If you've ever envied someone's achievements in athletics, music, or scholarship--and wondered "How do they do that?!"--two recently published books in the Lake Forest Library collection will interest you.
The first is Peak : secrets from the new science of expertise by Florida State University psychology professor Anders Ericsson and science writer Robert Pool. Ericsson has studied expertise for more than forty years and concludes that experts are made, not born. The keys to expertise, he says, are deliberate practice--not just practicing what you already can do, but setting goals and working toward what you cannot yet do--and constructive feedback from and supervision by the right coach or teacher.

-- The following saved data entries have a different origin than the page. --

lemma ens_hat_Yhat_point:
  assumes "js \<in> index_choices F" "nonbot (Yhat n F Xh js)"
  shows "\<exists>y. ens_hat n m (Yhat n F Xh js) F = point_box y"
proof -
  let ?B = "Yhat n F Xh js"
  note ib = is_input_box_Yhat[OF assms(1)]
  have "\<exists>y. length y = m \<and> tree_hat n m ?B T = point_box y" if T_in: "T \<in> set F" for T
  proof -
    obtain r where r: "r < length F" "F ! r = T"
      using in_set_conv_nth[THEN iffD1, OF T_in] by blast
    note leaf = index_choice_leaf[OF assms(1) r(1)]
    have T: "is_tree D n m T" "leaves_are_boxes D n T" using trees T_in by auto
    have j0: "js ! r < length T" using leaf(2) r(2) by simp
    have "gamma_n D ?B \<subseteq> fst (T ! (js ! r))"
      using gamma_n_Yhat[OF assms(1)] r by auto
    then have "tree_hat n m ?B T = point_box (snd (T ! (js ! r)))"
      using tree_hat_within_leaf[OF finite_D T ib _ j0] assms(2)
        gamma_n_nonempty_iff_nonbot[OF ib] by blast
    moreover have "length (snd (T ! (js ! r))) = m" using leaf r by (simp add: is_tree_def)
    ultimately show ?thesis by blast
  qed
  then obtain y
    where "\<And>T. T \<in> set F \<Longrightarrow> length (y T) = m \<and> tree_hat n m ?B T = point_box (y T)"
    by metis
  then show ?thesis using ens_hat_point_box by blast
qed

end

theorem mainTheorem6:
  fixes D :: "real set" and n m :: nat and F :: ensemble and Xh :: box
  assumes "finite D" and "D \<noteq> {}"
    and "\<forall>T\<in>set F. is_tree D n m T \<and> leaves_are_boxes D n T"
    and "is_input_box D n Xh" and "nonbot Xh"
  shows "(\<forall>js\<in>index_choices F. nonbot (Yhat n F Xh js) \<longrightarrow>
            (\<exists>y. gamma_m (ens_hat n m (Yhat n F Xh js) F) = {y}))
       \<and> (\<forall>js\<in>index_choices F. \<forall>js'\<in>index_choices F.
            js \<noteq> js' \<and> nonbot (Yhat n F Xh js) \<and> nonbot (Yhat n F Xh js') \<longrightarrow>
            gamma_n D (Yhat n F Xh js) \<inter> gamma_n D (Yhat n F Xh js') = {})
       \<and> (\<Union>js\<in>{js\<in>index_choices F. nonbot (Yhat n F Xh js)}. gamma_n D (Yhat n F Xh js))
            = gamma_n D Xh"
  using ens_hat_Yhat_point[OF assms(1,3,4)] gamma_m_point_box
    Yhat_disjoint[OF assms(1,3,4)] Union_Yhat[OF assms(1,3,4)]
  by metis

end
(* Consider adversarial bandits with $K$ actions and $N$ experts with oblivious losses $\ell_t\in[0,1]^K$ and expert advice $E_{i,t}\in[K]$, and $L_T^*=\min_{i\in[N]}\sum_{t=1}^T\ell_{t,E_{i,t}}$. Let $\tilde\Phi(L)=\mathbb{E}[\min_{p\in\Delta_N}\langle L,p\rangle+F(p,Z)]$ with $\nabla\tilde\Phi\in\Delta_N$, and suppose the full-information GBPA with potential $\tilde\Phi$ is DiffStable($D_\infty$, $\|\cdot\|_\infty$) at level $\epsilon$, i.e. $D_\infty(\nabla\tilde\Phi(\sum_{s<t}v_s),\nabla\tilde\Phi(\sum_{s\le t}v_s))\le\epsilon\|v_t\|_\infty$ for all $t$ and all $v_1,\dots,v_t\in[0,\infty)^N$. Run the following algorithm without clipping: $\bar\phi_0=0$; for each $t$, $p_t=\nabla\tilde\Phi(\bar\phi_{t-1})$, $q_t=\psi_t(p_t)$ where $\psi_t(p)=\sum_{j=1}^K\sum_{i:E_{i,t}=j}p_i\mathbf{e}_j$; draw $j_t\sim q_t$, observe $\ell_{t,j_t}$, set $\hat\ell_t=\frac{\ell_{t,j_t}}{q_{t,j_t}}\mathbf{e}_{j_t}\in\mathbb{R}^K$ and $\bar\phi_t=\bar\phi_{t-1}+\phi_t(\hat\ell_t)$ where $\phi_t(\hat\ell)=\sum_{j=1}^K\sum_{i:E_{i,t}=j}\hat\ell_j\mathbf{e}_i\in\mathbb{R}^N$. Then \[\mathbb{E}\Big[\sum_{t=1}^T\ell_{t,j_t}\Big]-L_T^*\le\epsilon\,\mathbb{E}\Big[\sum_{t=1}^T\hat\ell_{t,j_t}^2q_{t,j_t}\Big]+\mathbb{E}\Big[\max_pF(p,Z)-\min_pF(p,Z)\Big].\]
   Context: $\Delta_m$ is the probability simplex in $\mathbb{R}^m$; max and min over $p$ are over $\Delta_N$. For distributions $P,Q$, $D_\infty(P,Q)=\sup_B\log\frac{P(B)}{Q(B)}$. Expectations are over the learner's randomness and $Z$. *)

theory Defs
  imports "HOL-Probability.Probability"
begin

text \<open>Experts are elements of a finite type 'n (N = CARD('n)), actions elements of a
finite type 'k (K = CARD('k)). Rounds are indexed 1..T.\<close>

definition prob_simplex :: "(real^'n::finite) set" where
  "prob_simplex = {p. (\<forall>i. 0 \<le> p $ i) \<and> (\<Sum>i\<in>UNIV. p $ i) = 1}"

definition dinf :: "real^'n::finite \<Rightarrow> real^'n \<Rightarrow> ereal" where
  "dinf P Q = (SUP B\<in>{B. 0 < (\<Sum>i\<in>B. P $ i)}.
      (if (\<Sum>i\<in>B. Q $ i) = 0 then \<infinity>
       else ereal (ln ((\<Sum>i\<in>B. P $ i) / (\<Sum>i\<in>B. Q $ i)))))"

definition Phi_tilde :: "'z measure \<Rightarrow> (real^'n::finite \<Rightarrow> 'z \<Rightarrow> real) \<Rightarrow> real^'n \<Rightarrow> real" where
  "Phi_tilde M F L = (\<integral>z. (INF p\<in>prob_simplex. L \<bullet> p + F p z) \<partial>M)"

text \<open>Cumulative estimated loss vector  bar-phi_t  of the algorithm along the action
history js (js t = j_t), given gradient map g, expert advice E and losses l.\<close>
fun cumest :: "(real^'n::finite \<Rightarrow> real^'n) \<Rightarrow> ('n \<Rightarrow> nat \<Rightarrow> 'k::finite)
      \<Rightarrow> (nat \<Rightarrow> 'k \<Rightarrow> real) \<Rightarrow> (nat \<Rightarrow> 'k) \<Rightarrow> nat \<Rightarrow> real^'n" where
  "cumest g E l js 0 = 0"
| "cumest g E l js (Suc t) =
     (let p = g (cumest g E l js t);
          q = (\<Sum>i\<in>{i. E i (Suc t) = js (Suc t)}. p $ i)
      in cumest g E l js t +
         (\<chi> i. if E i (Suc t) = js (Suc t) then l (Suc t) (js (Suc t)) / q else 0))"

definition pvec :: "(real^'n::finite \<Rightarrow> real^'n) \<Rightarrow> ('n \<Rightarrow> nat \<Rightarrow> 'k::finite)
      \<Rightarrow> (nat \<Rightarrow> 'k \<Rightarrow> real) \<Rightarrow> (nat \<Rightarrow> 'k) \<Rightarrow> nat \<Rightarrow> real^'n" where
  "pvec g E l js t = g (cumest g E l js (t - 1))"

definition qprob :: "(real^'n::finite \<Rightarrow> real^'n) \<Rightarrow> ('n \<Rightarrow> nat \<Rightarrow> 'k::finite)
      \<Rightarrow> (nat \<Rightarrow> 'k \<Rightarrow> real) \<Rightarrow> (nat \<Rightarrow> 'k) \<Rightarrow> nat \<Rightarrow> 'k \<Rightarrow> real" where
  "qprob g E l js t j = (\<Sum>i\<in>{i. E i t = j}. pvec g E l js t $ i)"

definition lhat :: "(real^'n::finite \<Rightarrow> real^'n) \<Rightarrow> ('n \<Rightarrow> nat \<Rightarrow> 'k::finite)
      \<Rightarrow> (nat \<Rightarrow> 'k \<Rightarrow> real) \<Rightarrow> (nat \<Rightarrow> 'k) \<Rightarrow> nat \<Rightarrow> real" where
  "lhat g E l js t = l t (js t) / qprob g E l js t (js t)"

text \<open>Expectation over the learner's randomness of a functional f of the action
history j_1..j_T, where j_t ~ q_t given j_1..j_{t-1} (chain rule).\<close>
definition ExpL :: "(real^'n::finite \<Rightarrow> real^'n) \<Rightarrow> ('n \<Rightarrow> nat \<Rightarrow> 'k::finite)
      \<Rightarrow> (nat \<Rightarrow> 'k \<Rightarrow> real) \<Rightarrow> nat \<Rightarrow> ((nat \<Rightarrow> 'k) \<Rightarrow> real) \<Rightarrow> real" where
  "ExpL g E l T f = (\<Sum>js\<in>PiE {1..T} (\<lambda>_. UNIV).
       (\<Prod>t\<in>{1..T}. qprob g E l js t (js t)) * f js)"

end

theory Submission
  imports Defs
begin

text \<open>Since the potential is an expectation of minima of affine functions of L, it is concave,
so its gradient g satisfies g(x + v) \<bullet> v \<le> Phi(x + v) - Phi(x). In each round the increment v
of the estimated cumulative loss is nonnegative, p_t \<bullet> v is the loss incurred and the sup norm
of v is the loss estimate lhat; stability in D_\<infinity> therefore bounds (p_t - g(x + v)) \<bullet> v by
\<epsilon> lhat^2 q. Summing over the rounds bounds the loss along every action history by
Phi(bar-phi_T) - Phi(0) plus the stability term. Finally Phi(L) - Phi(0) \<le> L_i + E[max F - min F],
testing the vertex e_i of the simplex, and the loss estimates are unbiased, so the expectation of
the i-th coordinate of bar-phi_T is at most the loss of expert i.\<close>

lemma concave_on_has_derivative_le:
  fixes f :: "'a::real_normed_vector \<Rightarrow> real"
  assumes conc: "concave_on UNIV f" and der: "(f has_derivative f') (at x)"
  shows "f y \<le> f x + f' (y - x)"
proof -
  define h where "h s = - f (x + s *\<^sub>R (y - x))" for s :: real
  have "convex_on UNIV h"
  proof (rule convex_onI)
    fix t a b :: real assume "0 < t" "t < 1"
    then have "(1 - t) * f (x + a *\<^sub>R (y - x)) + t * f (x + b *\<^sub>R (y - x))
        \<le> f ((1 - t) *\<^sub>R (x + a *\<^sub>R (y - x)) + t *\<^sub>R (x + b *\<^sub>R (y - x)))"
      by (intro concave_onD[OF conc]) auto
    also have "(1 - t) *\<^sub>R (x + a *\<^sub>R (y - x)) + t *\<^sub>R (x + b *\<^sub>R (y - x))
        = x + ((1 - t) *\<^sub>R a + t *\<^sub>R b) *\<^sub>R (y - x)"
      by (simp add: algebra_simps)
    finally show "h ((1 - t) *\<^sub>R a + t *\<^sub>R b) \<le> (1 - t) * h a + t * h b"
      by (simp add: h_def)
  qed simp
  moreover have "(h has_field_derivative - f' (y - x)) (at 0)"
  proof -
    have "((\<lambda>s. x + s *\<^sub>R (y - x)) has_derivative (\<lambda>s. s *\<^sub>R (y - x))) (at 0)"
      by (auto intro!: derivative_eq_intros)
    from has_derivative_compose[OF this] der
    have "(h has_derivative (\<lambda>s. - f' (s *\<^sub>R (y - x)))) (at 0)"
      unfolding h_def by (auto intro: has_derivative_minus)
    moreover have "(\<lambda>s. - f' (s *\<^sub>R (y - x))) = (*) (- f' (y - x))"
      using linear_cmul[OF has_derivative_linear[OF der]] by auto
    ultimately show ?thesis by (simp add: has_field_derivative_def)
  qed
  ultimately have "- f' (y - x) * (1 - 0) \<le> h 1 - h 0"
    by (intro convex_on_imp_above_tangent) auto
  then show ?thesis by (simp add: h_def)
qed

lemma concave_on_INF_inner_plus:
  fixes F :: "'a::real_inner \<Rightarrow> real"
  assumes attained: "\<And>L. \<exists>p\<in>A. \<forall>q\<in>A. L \<bullet> p + F p \<le> L \<bullet> q + F q"
  shows "concave_on UNIV (\<lambda>L. INF p\<in>A. L \<bullet> p + F p)"
proof -
  have lower: "(INF q\<in>A. L \<bullet> q + F q) \<le> L \<bullet> p + F p" if "p \<in> A" for L p
  proof -
    obtain m where "m \<in> A" "\<forall>q\<in>A. L \<bullet> m + F m \<le> L \<bullet> q + F q"
      using attained by blast
    with that show ?thesis by (intro cINF_lower bdd_belowI2) auto
  qed
  show ?thesis unfolding concave_on_iff
  proof (intro conjI ballI allI impI)
    fix x y :: 'a and u v :: real assume uv: "0 \<le> u" "0 \<le> v" "u + v = 1"
    obtain p where p: "p \<in> A" "\<forall>q\<in>A. (u *\<^sub>R x + v *\<^sub>R y) \<bullet> p + F p \<le> (u *\<^sub>R x + v *\<^sub>R y) \<bullet> q + F q"
      using attained by blast
    then have "(INF q\<in>A. (u *\<^sub>R x + v *\<^sub>R y) \<bullet> q + F q) = (u *\<^sub>R x + v *\<^sub>R y) \<bullet> p + F p"
      by (intro cInf_eq_minimum) auto
    also have "\<dots> = u * (x \<bullet> p + F p) + v * (y \<bullet> p + F p)"
      using uv by (simp add: inner_add_left algebra_simps flip: eq_diff_eq)
    finally show "u * (INF q\<in>A. x \<bullet> q + F q) + v * (INF q\<in>A. y \<bullet> q + F q)
        \<le> (INF q\<in>A. (u *\<^sub>R x + v *\<^sub>R y) \<bullet> q + F q)"
      using uv lower[OF p(1)] by (simp add: add_mono mult_left_mono)
  qed simp
qed
text \<open>The points of Y over a small open set p ` N around a point of the image of \<phi> all lie in
  the image of \<phi>, so a holomorphic function constant on that image is constant on an open set.\<close>
lemma domain_map_identity:
  assumes X: "riemann_domain X p" and Y: "riemann_domain Y q"
    and \<phi>: "domain_map X p Y q \<phi>" and H: "hol_fun Y q H"
    and k: "\<And>x. x \<in> topspace X \<Longrightarrow> H (\<phi> x) = k"
  shows "\<forall>y\<in>topspace Y. H y = k"
proof -
  have cont: "continuous_map X Y \<phi>" and over: "\<And>x. x \<in> topspace X \<Longrightarrow> q (\<phi> x) = p x"
    using \<phi> by (auto simp: domain_map_def)
  obtain x0 where x0: "x0 \<in> topspace X"
    using X unfolding riemann_domain_def by blast
  then have "\<phi> x0 \<in> topspace Y"
    using continuous_map_image_subset_topspace[OF cont] by blast
  then obtain V where V: "openin Y V" "\<phi> x0 \<in> V" "inj_on q V"
    using riemann_domain_inj_chart[OF Y] by blast
  define N where "N = {x \<in> topspace X. \<phi> x \<in> V}"
  have "open (p ` N)"
    unfolding N_def
    using riemann_domain_open_image[OF X openin_continuous_map_preimage[OF cont V(1)]] .
  define W where "W = {v \<in> topspace Y. q v \<in> p ` N} \<inter> V"
  have "openin Y W"
    unfolding W_def using continuous_map_riemann_domain[OF Y] \<open>open (p ` N)\<close> V(1)
    by (intro openin_Int openin_continuous_map_preimage) auto
  moreover have "W \<noteq> {}"
    using x0 V(2) \<open>\<phi> x0 \<in> topspace Y\<close> over[OF x0] by (auto simp: W_def N_def)
  moreover have "H v = k" if "v \<in> W" for v
  proof -
    obtain x where x: "x \<in> topspace X" "\<phi> x \<in> V" "q v = p x" "v \<in> V"
      using \<open>v \<in> W\<close> by (auto simp: W_def N_def)
    then have "\<phi> x = v"
      by (intro inj_onD[OF V(3) _ x(2) x(4)]) (simp add: over[OF x(1)])
    then show "H v = k"
      using k[OF x(1)] by simp
  qed
  ultimately show ?thesis
    by (rule hol_fun_identity[OF Y H])
qed

lemma hol_fun_mult_holo2:
  assumes F: "hol_fun Y q F" and G: "holo2 G UNIV"
  shows "hol_fun Y q (\<lambda>y. F y * G (q y))"
  unfolding hol_fun_def
proof
  fix y assume "y \<in> topspace Y"
  then obtain U where U: "openin Y U" "y \<in> U" "inj_on q U" "holo2 (F \<circ> inv_into U q) (q ` U)"
    using F unfolding hol_fun_def by blast
  have "open (q ` U)"
    using U(4) by (simp add: holo2_def)
  then have "holo2 (\<lambda>z. (F \<circ> inv_into U q) z * G z) (q ` U)"
    using holo2_mult[OF U(4) holo2_subset[OF G _ subset_UNIV]] by blast
  then have "holo2 ((\<lambda>y. F y * G (q y)) \<circ> inv_into U q) (q ` U)"
    by (rule holo2_cong) (simp add: f_inv_into_f)
  then show "\<exists>U. openin Y U \<and> y \<in> U \<and> inj_on q U \<and> holo2 ((\<lambda>y. F y * G (q y)) \<circ> inv_into U q) (q ` U)"
    using U(1-3) by blast
qed

lemma extension_not_univalent:
  assumes \<phi>: "domain_map X p Y q \<phi>" "extends_all X p Y q \<phi>"
    and f: "hol_fun X p f"
    and x: "x \<in> topspace X" "x' \<in> topspace X" "p x = p x'" "f x \<noteq> f x'"
  shows "\<not> univalent Y q"
proof
  assume "univalent Y q"
  obtain F where F: "\<And>x. x \<in> topspace X \<Longrightarrow> F (\<phi> x) = f x"
    using \<phi>(2) f unfolding extends_all_def by blast
  have "\<phi> x \<in> topspace Y" "\<phi> x' \<in> topspace Y" "q (\<phi> x) = q (\<phi> x')"
    using \<phi>(1) x(1-3) continuous_map_image_subset_topspace
    unfolding domain_map_def by fastforce+
  then have "\<phi> x = \<phi> x'"
    using \<open>univalent Y q\<close> unfolding univalent_def by (blast dest: inj_onD)
  then show False
    using F x by metis
qed

lemma extension_nonvanishing:
  assumes X: "riemann_domain X p" and Y: "riemann_domain Y q"
    and \<phi>: "domain_map X p Y q \<phi>" "extends_all X p Y q \<phi>"
    and G: "holo2 G UNIV" and g: "hol_fun X p g" "\<And>x. x \<in> topspace X \<Longrightarrow> g x * G (p x) = 1"
    and y: "y \<in> topspace Y"
  shows "G (q y) \<noteq> 0"
proof -
  obtain F where F: "hol_fun Y q F" "\<And>x. x \<in> topspace X \<Longrightarrow> F (\<phi> x) = g x"
    using \<phi>(2) g(1) unfolding extends_all_def by blast
  have "F (\<phi> x) * G (q (\<phi> x)) = 1" if "x \<in> topspace X" for x
    using that F(2) g(2) \<phi>(1) by (simp add: domain_map_def)
  then have "F y * G (q y) = 1"
    using domain_map_identity[OF X Y \<phi>(1) hol_fun_mult_holo2[OF F(1) G]] y by blast
  then show ?thesis by auto
qed

lemma hol_separableI:
  assumes "hol_fun X p f"
    and "\<And>x y. x \<in> topspace X \<Longrightarrow> y \<in> topspace X \<Longrightarrow> p x = p y \<Longrightarrow> f x = f y \<Longrightarrow> x = y"
  shows "hol_separable X p"
  using assms unfolding hol_separable_def same_germ_def by blast

lemma homeomorphism_inj_chart:
  fixes p :: "'a::euclidean_space \<Rightarrow> 'a"
  assumes "open U" "continuous_on U p" "inj_on p U"
  shows "open (p ` U)" "homeomorphism U (p ` U) p (inv_into U p)"
  using assms by (auto intro: invariance_of_domain_gen simp: continuous_on_inverse_open homeomorphism_def)

lemma riemann_domain_top_of_set:
  fixes p :: "complex \<times> complex \<Rightarrow> complex \<times> complex"
  assumes S: "open S" "connected S" "S \<noteq> {}" and p: "continuous_on S p"
    and charts: "\<And>x. x \<in> S \<Longrightarrow> \<exists>U. open U \<and> x \<in> U \<and> U \<subseteq> S \<and> inj_on p U"
  shows "riemann_domain (top_of_set S) p"
  unfolding riemann_domain_def
proof (intro conjI ballI)
  show "topspace (top_of_set S) \<noteq> {}" "Hausdorff_space (top_of_set S)"
    using S(3) by (simp_all add: Hausdorff_space_subtopology)
  show "connected_space (top_of_set S)"
    using S(2) connected_space_subtopology connectedin_iff_connected by blast
  fix x assume "x \<in> topspace (top_of_set S)"
  then have "x \<in> S" by simp
  then obtain U where U: "open U" "x \<in> U" "U \<subseteq> S" "inj_on p U"
    using charts by blast
  have "continuous_on U p"
    using p U(3) by (rule continuous_on_subset)
  note chart = homeomorphism_inj_chart[OF U(1) this U(4)]
  have "homeomorphic_map (top_of_set U) (top_of_set (p ` U)) p"
    using chart(2) unfolding homeomorphic_map_maps homeomorphic_maps_def homeomorphism_def
    by (intro exI[of _ "inv_into U p"]) (auto simp: continuous_map_subtopology_eu)
  moreover have "subtopology (top_of_set S) U = top_of_set U"
    using U(3) by (simp add: subtopology_subtopology Int_absorb1)
  moreover have "openin (top_of_set S) U"
    using U(1,3) by (simp add: open_subset)
  ultimately show "\<exists>U. openin (top_of_set S) U \<and> x \<in> U \<and> open (p ` U) \<and>
      homeomorphic_map (subtopology (top_of_set S) U) (top_of_set (p ` U)) p"
    using U(2) chart(1) by metis
qed

lemma hol_fun_top_of_setI:
  assumes "\<And>x. x \<in> S \<Longrightarrow> \<exists>U. open U \<and> x \<in> U \<and> U \<subseteq> S \<and> inj_on p U"
    and "\<And>U. open U \<Longrightarrow> U \<subseteq> S \<Longrightarrow> inj_on p U \<Longrightarrow> holo2 (f \<circ> inv_into U p) (p ` U)"
  shows "hol_fun (top_of_set S) p f"
  unfolding hol_fun_def
proof
  fix x assume "x \<in> topspace (top_of_set S)"
  then obtain U where U: "open U" "x \<in> U" "U \<subseteq> S" "inj_on p U"
    using assms(1) by auto
  then show "\<exists>U. openin (top_of_set S) U \<and> x \<in> U \<and> inj_on p U \<and> holo2 (f \<circ> inv_into U p) (p ` U)"
    using assms(2)[OF U(1,3,4)] by (intro exI[of _ U]) (simp add: open_subset)
qed

section \<open>The domains \<open>\<Omega>\<close>\<close>

lemma enat_ge_2_cases:
  assumes "2 \<le> \<nu>"
  obtains "\<nu> = \<infinity>" | n where "\<nu> = enat n" "n \<ge> 2"
  using assms by (cases \<nu>) (auto simp: numeral_eq_enat)

lemma pinu_eq_iff: "pinu \<nu> a = pinu \<nu> b \<longleftrightarrow> pnu \<nu> (fst a) = pnu \<nu> (fst b) \<and> snd a = snd b"
  by (auto simp: pinu_def complex_eq_iff)

lemma wcoord_pinu: "wcoord (pinu \<nu> x) = pnu \<nu> (fst x) + \<i> * snd x"
  by (simp add: wcoord_def pinu_def complex_eq_iff)

lemma continuous_on_pnu: "continuous_on S (pnu \<nu>)"
  by (cases "\<nu> = \<infinity>") (auto simp: pnu_def [abs_def] intro!: continuous_intros)

lemma continuous_on_pinu: "continuous_on S (pinu \<nu>)"
proof -
  have "pinu \<nu> = (\<lambda>x. (of_real (Re (pnu \<nu> (fst x))) + \<i> * of_real (Re (snd x)),
      of_real (Im (pnu \<nu> (fst x))) + \<i> * of_real (Im (snd x))))"
    by (auto simp: pinu_def fun_eq_iff Complex_eq)
  moreover have "continuous_on S (\<lambda>x. pnu \<nu> (fst x))"
    using continuous_on_compose2[OF continuous_on_pnu continuous_on_fst[OF continuous_on_id]] by blast
  ultimately show ?thesis
    by (simp, intro continuous_intros)
qed

lemma norm_pnu_gt:
  assumes "0 < R1" "2 \<le> \<nu>" "u \<in> Anu R1 R2 \<nu>"
  shows "R1 < norm (pnu \<nu> u)"
  using assms(2)
proof (cases rule: enat_ge_2_cases)
  case 1
  then have "exp (ln R1) < exp (Re u)"
    using assms(3) by (simp add: Anu_def)
  then show ?thesis
    using 1 assms(1) by (simp add: pnu_def)
next
  case (2 n)
  then have "(R1 powr (1 / real n)) ^ n < norm u ^ n"
    using assms(3) by (intro power_strict_mono) (auto simp: Anu_def)
  then show ?thesis
    using 2 assms(1) by (simp add: pnu_def norm_power powr_inverse_root)
qed

lemma Anu_pnu_fibre:
  assumes "u \<in> Anu R1 R2 \<nu>" "2 \<le> \<nu>" "pnu \<nu> v = pnu \<nu> u"
  shows "v \<in> Anu R1 R2 \<nu>"
  using assms(2)
proof (cases rule: enat_ge_2_cases)
  case 1
  then have "norm (exp v) = norm (exp u)"
    using assms(3) by (simp add: pnu_def)
  then show ?thesis
    using assms(1) 1 by (simp add: Anu_def)
next
  case (2 n)
  then have "norm v ^ n = norm u ^ n"
    using assms(3) by (metis pnu_def enat.distinct(2) the_enat.simps norm_power)
  then have "norm v = norm u"
    using 2 power_eq_imp_eq_base[of "norm v" n "norm u"] by simp
  then show ?thesis
    using assms(1) 2 by (simp add: Anu_def)
qed

lemma open_Omega: "open (Omega R1 R2 \<nu>)"
proof -
  have "open {u::complex. a < Re u}" "open {u::complex. Re u < a}"
       "open {u::complex. a < norm u}" "open {u::complex. norm u < a}" for a
    by (auto intro!: open_Collect_less continuous_intros)
  then have "open (Anu R1 R2 \<nu>)"
    unfolding Anu_def by (cases "R2 = \<infinity>"; cases "\<nu> = \<infinity>") (simp_all add: Collect_conj_eq open_Int)
  moreover have "{y::complex. norm y < R1} = ball 0 R1" by auto
  ultimately show ?thesis by (simp add: Omega_def open_Times)
qed

lemma connected_Anu:
  assumes "2 \<le> \<nu>"
  shows "connected (Anu R1 R2 \<nu>)"
  using assms
proof (cases rule: enat_ge_2_cases)
  case 1
  have "convex {u::complex. a < Re u}" "convex {u::complex. Re u < a}" for a
    by (simp_all add: convex_halfspace_Re_gt convex_halfspace_Re_lt)
  then have "convex (Anu R1 R2 \<nu>)"
    unfolding Anu_def using 1 by (cases "R2 = \<infinity>") (simp_all add: Collect_conj_eq convex_Int)
  then show ?thesis
    by (rule convex_connected)
next
  case (2 n)
  show ?thesis
  proof (cases "R2 = \<infinity>")
    case True
    have "connected (- cball (0::complex) (R1 powr (1 / real n)))"
      by (rule connected_complement_bounded_convex) auto
    moreover have "Anu R1 R2 \<nu> = - cball 0 (R1 powr (1 / real n))"
      using 2 True by (auto simp: Anu_def)
    ultimately show ?thesis
      by simp
  next
    case False
    have "Anu R1 R2 \<nu> = {x. R1 powr (1 / real n) < norm (x - 0) \<and>
        norm (x - 0) < real_of_ereal R2 powr (1 / real n)}"
      using 2 False by (auto simp: Anu_def)
    then show ?thesis
      using connected_annulus(1)[where 'N=complex,
          of "R1 powr (1 / real n)" 0 "real_of_ereal R2 powr (1 / real n)"]
      by simp
  qed
qed

lemma connected_Omega:
  assumes "2 \<le> \<nu>"
  shows "connected (Omega R1 R2 \<nu>)"
proof -
  have "{y::complex. norm y < R1} = ball 0 R1"
    by auto
  then show ?thesis
    unfolding Omega_def using connected_Anu[OF assms] by (simp add: connected_Times)
qed

lemma Anu_nonempty:
  assumes "0 < R1" "ereal R1 < R2" "2 \<le> \<nu>"
  shows "Anu R1 R2 \<nu> \<noteq> {}"
proof (cases R2)
  case (real r2)
  with assms(1,2) have r2: "R1 < r2"
    by simp
  show ?thesis
    using assms(3)
  proof (cases rule: enat_ge_2_cases)
    case 1
    then have "complex_of_real ((ln R1 + ln r2) / 2) \<in> Anu R1 R2 \<nu>"
      using real r2 assms(1) by (simp add: Anu_def)
    then show ?thesis
      by blast
  next
    case (2 n)
    have "R1 powr (1 / real n) < r2 powr (1 / real n)"
      using r2 assms(1) 2 by (intro powr_less_mono2) auto
    then obtain m where m: "R1 powr (1 / real n) < m" "m < r2 powr (1 / real n)"
      using dense by blast
    moreover have "0 < m"
      using m(1) powr_ge_zero[of R1 "1 / real n"] by linarith
    ultimately have "complex_of_real m \<in> Anu R1 R2 \<nu>"
      using real 2 by (simp add: Anu_def)
    then show ?thesis
      by blast
  qed
next
  case PInf
  then have "complex_of_real (if \<nu> = \<infinity> then ln R1 + 1 else R1 powr (1 / real (the_enat \<nu>)) + 1)
      \<in> Anu R1 R2 \<nu>"
    by (simp add: Anu_def)
  then show ?thesis
    by blast
qed (use assms in simp)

When the going gets tough, though, you might find you need Grit : the power of passion and perseverance by Angela Duckworth, another professor of psychology, this time at the University of Pennsylvania. Duckworth, the daughter of Chinese immigrants with high expectations for their children, explains in her book's introduction how she endured years of being told "You're no genius!" by her father. After winning a MacArthur Fellowship (the so-called "genius grant") in 2013, she thinks about the irony of the situation: she won the award not for being a genius but because she discovered that "what we eventually accomplish may depend more on our passion and perseverance than on our innate talent."
Unsurprisingly, Ericsson and Duckworth have worked together. You can hear them both interviewed on the May 2, 2016 edition of the WBUR (Boston) radio program On Point.